LISTED RECORDS —
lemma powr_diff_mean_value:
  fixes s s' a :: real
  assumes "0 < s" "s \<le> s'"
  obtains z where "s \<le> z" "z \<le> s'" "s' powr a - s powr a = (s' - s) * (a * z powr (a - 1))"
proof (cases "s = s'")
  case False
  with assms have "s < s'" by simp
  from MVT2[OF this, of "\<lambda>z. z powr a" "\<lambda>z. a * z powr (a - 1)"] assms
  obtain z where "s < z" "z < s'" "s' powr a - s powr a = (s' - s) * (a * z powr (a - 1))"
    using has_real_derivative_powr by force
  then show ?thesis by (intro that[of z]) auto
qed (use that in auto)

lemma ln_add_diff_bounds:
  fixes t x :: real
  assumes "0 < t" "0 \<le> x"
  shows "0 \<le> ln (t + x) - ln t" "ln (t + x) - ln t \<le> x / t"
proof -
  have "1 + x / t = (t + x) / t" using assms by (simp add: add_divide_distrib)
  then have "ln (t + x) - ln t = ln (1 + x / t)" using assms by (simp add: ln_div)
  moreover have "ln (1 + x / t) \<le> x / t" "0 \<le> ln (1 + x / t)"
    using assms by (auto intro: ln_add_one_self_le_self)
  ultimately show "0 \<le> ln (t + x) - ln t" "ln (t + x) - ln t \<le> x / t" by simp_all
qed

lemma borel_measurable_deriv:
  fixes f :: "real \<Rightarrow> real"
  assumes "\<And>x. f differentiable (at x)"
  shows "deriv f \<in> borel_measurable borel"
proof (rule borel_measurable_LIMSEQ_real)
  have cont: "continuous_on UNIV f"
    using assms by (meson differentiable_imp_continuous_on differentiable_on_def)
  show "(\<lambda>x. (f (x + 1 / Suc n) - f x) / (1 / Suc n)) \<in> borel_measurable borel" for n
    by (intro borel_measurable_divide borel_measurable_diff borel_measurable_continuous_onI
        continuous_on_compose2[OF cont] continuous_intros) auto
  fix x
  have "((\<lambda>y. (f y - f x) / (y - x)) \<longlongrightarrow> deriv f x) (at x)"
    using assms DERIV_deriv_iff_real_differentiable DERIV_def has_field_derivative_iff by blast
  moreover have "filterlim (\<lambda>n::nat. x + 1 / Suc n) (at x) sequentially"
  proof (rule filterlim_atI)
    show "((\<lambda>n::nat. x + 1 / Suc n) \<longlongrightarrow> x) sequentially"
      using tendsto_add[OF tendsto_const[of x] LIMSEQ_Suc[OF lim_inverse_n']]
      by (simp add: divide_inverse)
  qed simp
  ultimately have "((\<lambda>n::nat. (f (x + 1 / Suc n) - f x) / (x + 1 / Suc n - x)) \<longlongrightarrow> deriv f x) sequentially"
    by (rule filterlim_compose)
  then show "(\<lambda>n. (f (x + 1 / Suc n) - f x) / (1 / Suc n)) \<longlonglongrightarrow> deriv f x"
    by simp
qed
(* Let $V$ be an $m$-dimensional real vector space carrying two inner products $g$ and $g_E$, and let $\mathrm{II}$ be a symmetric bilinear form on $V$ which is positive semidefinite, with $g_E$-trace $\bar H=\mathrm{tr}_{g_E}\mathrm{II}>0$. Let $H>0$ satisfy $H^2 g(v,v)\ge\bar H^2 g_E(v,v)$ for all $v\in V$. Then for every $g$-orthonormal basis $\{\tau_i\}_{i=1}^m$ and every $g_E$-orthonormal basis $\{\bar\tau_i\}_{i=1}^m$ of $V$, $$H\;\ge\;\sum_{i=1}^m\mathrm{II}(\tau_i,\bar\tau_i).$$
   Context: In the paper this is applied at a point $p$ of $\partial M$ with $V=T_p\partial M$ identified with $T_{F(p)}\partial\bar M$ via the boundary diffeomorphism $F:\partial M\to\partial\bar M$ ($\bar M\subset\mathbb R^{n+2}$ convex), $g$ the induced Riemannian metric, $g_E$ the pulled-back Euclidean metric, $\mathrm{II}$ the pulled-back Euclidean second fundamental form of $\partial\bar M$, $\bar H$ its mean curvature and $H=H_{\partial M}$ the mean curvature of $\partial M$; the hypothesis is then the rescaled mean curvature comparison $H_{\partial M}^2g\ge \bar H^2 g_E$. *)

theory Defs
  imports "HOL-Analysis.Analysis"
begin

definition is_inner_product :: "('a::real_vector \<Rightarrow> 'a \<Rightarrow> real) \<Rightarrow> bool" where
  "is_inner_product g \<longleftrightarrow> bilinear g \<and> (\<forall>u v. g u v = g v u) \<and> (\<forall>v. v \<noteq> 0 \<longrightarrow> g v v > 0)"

ACTIVITY — Some of the data mentions "fixes". Copy every line where it does.

SOLUTION BELOW —
  fixes s s' a :: real
  fixes t x :: real
  fixes f :: "real \<Rightarrow> real"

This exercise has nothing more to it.